-- Task description --
The expected output is every entry, repeated exactly.

-- Given records --
***
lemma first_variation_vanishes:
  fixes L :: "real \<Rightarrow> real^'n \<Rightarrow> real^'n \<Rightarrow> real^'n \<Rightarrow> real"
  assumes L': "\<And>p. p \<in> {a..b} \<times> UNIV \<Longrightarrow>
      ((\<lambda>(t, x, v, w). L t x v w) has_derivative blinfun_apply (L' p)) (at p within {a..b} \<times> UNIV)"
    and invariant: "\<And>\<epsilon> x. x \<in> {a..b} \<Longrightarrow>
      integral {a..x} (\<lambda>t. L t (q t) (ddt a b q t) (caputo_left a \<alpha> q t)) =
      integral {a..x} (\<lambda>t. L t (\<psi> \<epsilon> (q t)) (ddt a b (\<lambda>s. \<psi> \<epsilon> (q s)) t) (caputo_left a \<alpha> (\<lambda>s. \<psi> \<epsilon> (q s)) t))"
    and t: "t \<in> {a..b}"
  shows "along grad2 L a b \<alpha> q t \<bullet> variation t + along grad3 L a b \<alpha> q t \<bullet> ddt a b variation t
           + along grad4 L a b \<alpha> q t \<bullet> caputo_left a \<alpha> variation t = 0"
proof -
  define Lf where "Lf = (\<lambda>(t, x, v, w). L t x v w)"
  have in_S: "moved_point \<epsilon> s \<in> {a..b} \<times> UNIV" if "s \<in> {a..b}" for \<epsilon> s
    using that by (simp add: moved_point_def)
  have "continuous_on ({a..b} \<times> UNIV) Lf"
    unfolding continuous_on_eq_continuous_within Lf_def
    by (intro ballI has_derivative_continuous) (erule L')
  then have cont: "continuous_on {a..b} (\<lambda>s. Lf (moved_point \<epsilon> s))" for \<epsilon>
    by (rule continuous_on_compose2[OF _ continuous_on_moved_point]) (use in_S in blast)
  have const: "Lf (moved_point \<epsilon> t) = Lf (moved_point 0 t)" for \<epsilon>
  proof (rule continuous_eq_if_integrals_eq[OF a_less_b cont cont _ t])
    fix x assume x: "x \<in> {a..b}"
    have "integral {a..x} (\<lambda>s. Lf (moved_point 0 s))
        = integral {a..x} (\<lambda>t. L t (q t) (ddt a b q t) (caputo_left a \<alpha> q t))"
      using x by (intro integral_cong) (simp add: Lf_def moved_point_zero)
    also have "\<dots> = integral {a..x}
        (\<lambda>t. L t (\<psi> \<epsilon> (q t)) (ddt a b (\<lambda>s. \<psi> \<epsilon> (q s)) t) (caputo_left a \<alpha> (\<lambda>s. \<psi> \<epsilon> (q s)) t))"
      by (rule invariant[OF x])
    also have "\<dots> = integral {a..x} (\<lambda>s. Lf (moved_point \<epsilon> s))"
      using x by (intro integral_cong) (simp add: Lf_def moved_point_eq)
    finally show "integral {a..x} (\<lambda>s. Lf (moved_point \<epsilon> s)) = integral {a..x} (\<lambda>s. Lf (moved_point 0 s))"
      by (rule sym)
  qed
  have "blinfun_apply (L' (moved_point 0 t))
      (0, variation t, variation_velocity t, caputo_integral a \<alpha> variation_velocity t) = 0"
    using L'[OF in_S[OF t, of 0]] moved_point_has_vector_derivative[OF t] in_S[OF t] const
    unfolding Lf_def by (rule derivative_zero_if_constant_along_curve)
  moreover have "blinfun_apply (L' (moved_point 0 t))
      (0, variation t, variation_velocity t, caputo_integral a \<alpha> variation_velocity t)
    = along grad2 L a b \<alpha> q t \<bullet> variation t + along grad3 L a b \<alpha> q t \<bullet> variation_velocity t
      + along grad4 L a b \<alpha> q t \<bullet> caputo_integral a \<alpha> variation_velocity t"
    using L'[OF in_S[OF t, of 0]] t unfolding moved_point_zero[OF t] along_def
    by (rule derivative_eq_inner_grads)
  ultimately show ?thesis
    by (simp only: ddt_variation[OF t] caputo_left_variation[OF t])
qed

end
***
-- Task response --
lemma first_variation_vanishes:
  fixes L :: "real \<Rightarrow> real^'n \<Rightarrow> real^'n \<Rightarrow> real^'n \<Rightarrow> real"
  assumes L': "\<And>p. p \<in> {a..b} \<times> UNIV \<Longrightarrow>
      ((\<lambda>(t, x, v, w). L t x v w) has_derivative blinfun_apply (L' p)) (at p within {a..b} \<times> UNIV)"
    and invariant: "\<And>\<epsilon> x. x \<in> {a..b} \<Longrightarrow>
      integral {a..x} (\<lambda>t. L t (q t) (ddt a b q t) (caputo_left a \<alpha> q t)) =
      integral {a..x} (\<lambda>t. L t (\<psi> \<epsilon> (q t)) (ddt a b (\<lambda>s. \<psi> \<epsilon> (q s)) t) (caputo_left a \<alpha> (\<lambda>s. \<psi> \<epsilon> (q s)) t))"
    and t: "t \<in> {a..b}"
  shows "along grad2 L a b \<alpha> q t \<bullet> variation t + along grad3 L a b \<alpha> q t \<bullet> ddt a b variation t
           + along grad4 L a b \<alpha> q t \<bullet> caputo_left a \<alpha> variation t = 0"
proof -
  define Lf where "Lf = (\<lambda>(t, x, v, w). L t x v w)"
  have in_S: "moved_point \<epsilon> s \<in> {a..b} \<times> UNIV" if "s \<in> {a..b}" for \<epsilon> s
    using that by (simp add: moved_point_def)
  have "continuous_on ({a..b} \<times> UNIV) Lf"
    unfolding continuous_on_eq_continuous_within Lf_def
    by (intro ballI has_derivative_continuous) (erule L')
  then have cont: "continuous_on {a..b} (\<lambda>s. Lf (moved_point \<epsilon> s))" for \<epsilon>
    by (rule continuous_on_compose2[OF _ continuous_on_moved_point]) (use in_S in blast)
  have const: "Lf (moved_point \<epsilon> t) = Lf (moved_point 0 t)" for \<epsilon>
  proof (rule continuous_eq_if_integrals_eq[OF a_less_b cont cont _ t])
    fix x assume x: "x \<in> {a..b}"
    have "integral {a..x} (\<lambda>s. Lf (moved_point 0 s))
        = integral {a..x} (\<lambda>t. L t (q t) (ddt a b q t) (caputo_left a \<alpha> q t))"
      using x by (intro integral_cong) (simp add: Lf_def moved_point_zero)
    also have "\<dots> = integral {a..x}
        (\<lambda>t. L t (\<psi> \<epsilon> (q t)) (ddt a b (\<lambda>s. \<psi> \<epsilon> (q s)) t) (caputo_left a \<alpha> (\<lambda>s. \<psi> \<epsilon> (q s)) t))"
      by (rule invariant[OF x])
    also have "\<dots> = integral {a..x} (\<lambda>s. Lf (moved_point \<epsilon> s))"
      using x by (intro integral_cong) (simp add: Lf_def moved_point_eq)
    finally show "integral {a..x} (\<lambda>s. Lf (moved_point \<epsilon> s)) = integral {a..x} (\<lambda>s. Lf (moved_point 0 s))"
      by (rule sym)
  qed
  have "blinfun_apply (L' (moved_point 0 t))
      (0, variation t, variation_velocity t, caputo_integral a \<alpha> variation_velocity t) = 0"
    using L'[OF in_S[OF t, of 0]] moved_point_has_vector_derivative[OF t] in_S[OF t] const
    unfolding Lf_def by (rule derivative_zero_if_constant_along_curve)
  moreover have "blinfun_apply (L' (moved_point 0 t))
      (0, variation t, variation_velocity t, caputo_integral a \<alpha> variation_velocity t)
    = along grad2 L a b \<alpha> q t \<bullet> variation t + along grad3 L a b \<alpha> q t \<bullet> variation_velocity t
      + along grad4 L a b \<alpha> q t \<bullet> caputo_integral a \<alpha> variation_velocity t"
    using L'[OF in_S[OF t, of 0]] t unfolding moved_point_zero[OF t] along_def
    by (rule derivative_eq_inner_grads)
  ultimately show ?thesis
    by (simp only: ddt_variation[OF t] caputo_left_variation[OF t])
qed

end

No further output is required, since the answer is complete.